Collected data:

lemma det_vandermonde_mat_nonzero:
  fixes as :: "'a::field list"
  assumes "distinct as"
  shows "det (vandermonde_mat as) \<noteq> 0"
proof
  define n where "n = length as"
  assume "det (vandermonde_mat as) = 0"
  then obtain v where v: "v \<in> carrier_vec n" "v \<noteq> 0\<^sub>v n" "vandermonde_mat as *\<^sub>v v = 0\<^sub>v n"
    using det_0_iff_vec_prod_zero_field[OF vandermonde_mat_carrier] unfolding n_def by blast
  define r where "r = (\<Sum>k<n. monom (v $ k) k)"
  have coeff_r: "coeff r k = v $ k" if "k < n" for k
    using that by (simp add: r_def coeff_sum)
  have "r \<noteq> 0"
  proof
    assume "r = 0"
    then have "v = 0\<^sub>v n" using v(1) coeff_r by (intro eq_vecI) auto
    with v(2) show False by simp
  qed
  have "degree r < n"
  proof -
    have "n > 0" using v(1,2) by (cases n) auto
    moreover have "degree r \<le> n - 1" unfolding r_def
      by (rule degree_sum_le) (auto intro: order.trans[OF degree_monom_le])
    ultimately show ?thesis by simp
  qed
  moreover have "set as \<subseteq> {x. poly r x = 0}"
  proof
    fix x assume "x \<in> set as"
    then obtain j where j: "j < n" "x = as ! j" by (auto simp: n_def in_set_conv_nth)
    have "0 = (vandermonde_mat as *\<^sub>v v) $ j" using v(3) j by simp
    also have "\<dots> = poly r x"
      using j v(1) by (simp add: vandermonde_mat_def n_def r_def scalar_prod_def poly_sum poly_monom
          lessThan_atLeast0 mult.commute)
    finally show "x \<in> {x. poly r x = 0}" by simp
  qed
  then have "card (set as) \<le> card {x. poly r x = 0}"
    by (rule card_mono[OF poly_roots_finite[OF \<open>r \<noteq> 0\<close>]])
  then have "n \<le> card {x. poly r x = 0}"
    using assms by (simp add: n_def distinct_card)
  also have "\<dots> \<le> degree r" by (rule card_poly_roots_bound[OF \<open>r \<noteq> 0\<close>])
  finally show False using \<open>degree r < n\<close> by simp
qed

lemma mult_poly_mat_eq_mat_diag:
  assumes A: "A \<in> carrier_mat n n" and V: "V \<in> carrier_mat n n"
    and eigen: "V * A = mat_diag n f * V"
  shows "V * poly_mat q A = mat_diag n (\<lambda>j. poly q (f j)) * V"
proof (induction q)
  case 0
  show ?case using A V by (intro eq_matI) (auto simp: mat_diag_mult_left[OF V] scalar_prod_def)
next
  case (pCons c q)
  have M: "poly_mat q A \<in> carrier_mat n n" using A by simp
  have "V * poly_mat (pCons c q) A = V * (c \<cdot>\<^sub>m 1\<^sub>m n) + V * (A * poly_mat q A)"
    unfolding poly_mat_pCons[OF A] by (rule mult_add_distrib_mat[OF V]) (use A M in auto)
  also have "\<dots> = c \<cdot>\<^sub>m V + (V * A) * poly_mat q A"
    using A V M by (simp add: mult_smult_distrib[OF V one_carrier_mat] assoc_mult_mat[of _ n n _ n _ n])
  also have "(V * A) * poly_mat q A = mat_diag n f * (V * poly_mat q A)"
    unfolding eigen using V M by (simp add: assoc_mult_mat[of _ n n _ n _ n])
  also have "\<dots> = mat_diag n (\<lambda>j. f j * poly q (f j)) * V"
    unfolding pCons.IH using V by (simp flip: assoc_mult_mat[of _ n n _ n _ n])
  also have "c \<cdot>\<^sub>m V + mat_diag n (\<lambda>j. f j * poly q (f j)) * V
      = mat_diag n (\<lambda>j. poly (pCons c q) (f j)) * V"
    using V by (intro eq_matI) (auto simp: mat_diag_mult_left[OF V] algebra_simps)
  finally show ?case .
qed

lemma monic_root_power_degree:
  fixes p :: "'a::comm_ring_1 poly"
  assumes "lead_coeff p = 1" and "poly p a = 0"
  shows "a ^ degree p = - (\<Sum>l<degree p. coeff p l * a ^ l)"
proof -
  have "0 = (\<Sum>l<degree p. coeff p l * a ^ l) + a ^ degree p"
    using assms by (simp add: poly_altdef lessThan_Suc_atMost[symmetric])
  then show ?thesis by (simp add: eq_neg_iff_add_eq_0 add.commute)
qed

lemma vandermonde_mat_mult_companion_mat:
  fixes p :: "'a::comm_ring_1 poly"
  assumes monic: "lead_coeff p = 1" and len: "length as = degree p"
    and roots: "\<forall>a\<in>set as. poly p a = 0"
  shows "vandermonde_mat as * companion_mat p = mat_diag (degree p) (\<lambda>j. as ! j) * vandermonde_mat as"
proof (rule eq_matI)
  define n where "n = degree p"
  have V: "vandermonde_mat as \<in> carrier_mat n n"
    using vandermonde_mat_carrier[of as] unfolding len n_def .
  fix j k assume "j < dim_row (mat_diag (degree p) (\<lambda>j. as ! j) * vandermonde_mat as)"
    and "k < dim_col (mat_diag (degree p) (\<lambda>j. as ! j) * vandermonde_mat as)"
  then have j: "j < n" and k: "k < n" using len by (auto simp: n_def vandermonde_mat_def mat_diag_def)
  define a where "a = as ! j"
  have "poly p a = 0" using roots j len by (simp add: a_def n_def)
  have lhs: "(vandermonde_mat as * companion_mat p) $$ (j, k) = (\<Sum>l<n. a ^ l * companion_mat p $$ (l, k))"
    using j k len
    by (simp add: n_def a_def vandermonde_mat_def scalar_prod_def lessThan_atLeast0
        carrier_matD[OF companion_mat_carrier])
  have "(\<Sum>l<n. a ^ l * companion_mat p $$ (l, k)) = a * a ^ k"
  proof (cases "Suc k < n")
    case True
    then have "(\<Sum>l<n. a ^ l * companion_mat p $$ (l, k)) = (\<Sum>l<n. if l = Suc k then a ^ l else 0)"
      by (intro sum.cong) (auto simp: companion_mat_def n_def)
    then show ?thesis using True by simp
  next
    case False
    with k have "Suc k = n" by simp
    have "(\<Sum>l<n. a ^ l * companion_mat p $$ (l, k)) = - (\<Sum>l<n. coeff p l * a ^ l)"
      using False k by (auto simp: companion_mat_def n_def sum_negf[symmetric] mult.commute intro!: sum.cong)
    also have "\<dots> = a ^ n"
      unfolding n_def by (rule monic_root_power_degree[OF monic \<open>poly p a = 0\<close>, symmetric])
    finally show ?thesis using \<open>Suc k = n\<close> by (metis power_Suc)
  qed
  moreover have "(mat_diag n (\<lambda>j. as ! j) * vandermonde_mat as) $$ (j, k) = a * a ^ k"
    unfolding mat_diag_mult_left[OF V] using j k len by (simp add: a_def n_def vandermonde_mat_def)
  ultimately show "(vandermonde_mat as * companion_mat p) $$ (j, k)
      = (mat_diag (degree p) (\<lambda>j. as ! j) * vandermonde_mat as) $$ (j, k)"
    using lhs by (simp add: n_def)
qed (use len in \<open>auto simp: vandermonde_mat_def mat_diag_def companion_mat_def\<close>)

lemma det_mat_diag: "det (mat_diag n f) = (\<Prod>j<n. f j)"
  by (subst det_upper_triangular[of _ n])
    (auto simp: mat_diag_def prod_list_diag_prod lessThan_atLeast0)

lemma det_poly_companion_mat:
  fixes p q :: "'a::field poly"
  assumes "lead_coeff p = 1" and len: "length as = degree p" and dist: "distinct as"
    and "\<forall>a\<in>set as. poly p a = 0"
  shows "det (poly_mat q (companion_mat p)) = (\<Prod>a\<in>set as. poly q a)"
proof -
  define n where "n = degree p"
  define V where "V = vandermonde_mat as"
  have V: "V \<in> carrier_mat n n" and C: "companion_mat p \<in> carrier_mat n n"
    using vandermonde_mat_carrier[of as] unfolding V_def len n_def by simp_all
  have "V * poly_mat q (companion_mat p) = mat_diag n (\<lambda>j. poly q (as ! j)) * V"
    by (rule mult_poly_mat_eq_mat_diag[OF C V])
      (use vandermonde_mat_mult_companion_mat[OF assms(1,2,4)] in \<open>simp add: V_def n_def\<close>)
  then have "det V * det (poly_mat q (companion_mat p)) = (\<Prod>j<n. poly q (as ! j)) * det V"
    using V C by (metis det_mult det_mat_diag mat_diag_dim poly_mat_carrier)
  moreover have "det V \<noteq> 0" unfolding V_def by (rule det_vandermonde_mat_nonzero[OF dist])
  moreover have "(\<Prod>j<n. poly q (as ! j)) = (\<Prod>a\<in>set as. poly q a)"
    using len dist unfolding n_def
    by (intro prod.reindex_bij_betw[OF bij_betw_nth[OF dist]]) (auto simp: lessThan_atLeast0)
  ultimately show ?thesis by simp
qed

* What you are asked to do: Beginning with the very first line of the records above, please retype each line through the one that has "proof (induction q)", and add nothing.

* Result:
lemma det_vandermonde_mat_nonzero:
  fixes as :: "'a::field list"
  assumes "distinct as"
  shows "det (vandermonde_mat as) \<noteq> 0"
proof
  define n where "n = length as"
  assume "det (vandermonde_mat as) = 0"
  then obtain v where v: "v \<in> carrier_vec n" "v \<noteq> 0\<^sub>v n" "vandermonde_mat as *\<^sub>v v = 0\<^sub>v n"
    using det_0_iff_vec_prod_zero_field[OF vandermonde_mat_carrier] unfolding n_def by blast
  define r where "r = (\<Sum>k<n. monom (v $ k) k)"
  have coeff_r: "coeff r k = v $ k" if "k < n" for k
    using that by (simp add: r_def coeff_sum)
  have "r \<noteq> 0"
  proof
    assume "r = 0"
    then have "v = 0\<^sub>v n" using v(1) coeff_r by (intro eq_vecI) auto
    with v(2) show False by simp
  qed
  have "degree r < n"
  proof -
    have "n > 0" using v(1,2) by (cases n) auto
    moreover have "degree r \<le> n - 1" unfolding r_def
      by (rule degree_sum_le) (auto intro: order.trans[OF degree_monom_le])
    ultimately show ?thesis by simp
  qed
  moreover have "set as \<subseteq> {x. poly r x = 0}"
  proof
    fix x assume "x \<in> set as"
    then obtain j where j: "j < n" "x = as ! j" by (auto simp: n_def in_set_conv_nth)
    have "0 = (vandermonde_mat as *\<^sub>v v) $ j" using v(3) j by simp
    also have "\<dots> = poly r x"
      using j v(1) by (simp add: vandermonde_mat_def n_def r_def scalar_prod_def poly_sum poly_monom
          lessThan_atLeast0 mult.commute)
    finally show "x \<in> {x. poly r x = 0}" by simp
  qed
  then have "card (set as) \<le> card {x. poly r x = 0}"
    by (rule card_mono[OF poly_roots_finite[OF \<open>r \<noteq> 0\<close>]])
  then have "n \<le> card {x. poly r x = 0}"
    using assms by (simp add: n_def distinct_card)
  also have "\<dots> \<le> degree r" by (rule card_poly_roots_bound[OF \<open>r \<noteq> 0\<close>])
  finally show False using \<open>degree r < n\<close> by simp
qed

lemma mult_poly_mat_eq_mat_diag:
  assumes A: "A \<in> carrier_mat n n" and V: "V \<in> carrier_mat n n"
    and eigen: "V * A = mat_diag n f * V"
  shows "V * poly_mat q A = mat_diag n (\<lambda>j. poly q (f j)) * V"
proof (induction q)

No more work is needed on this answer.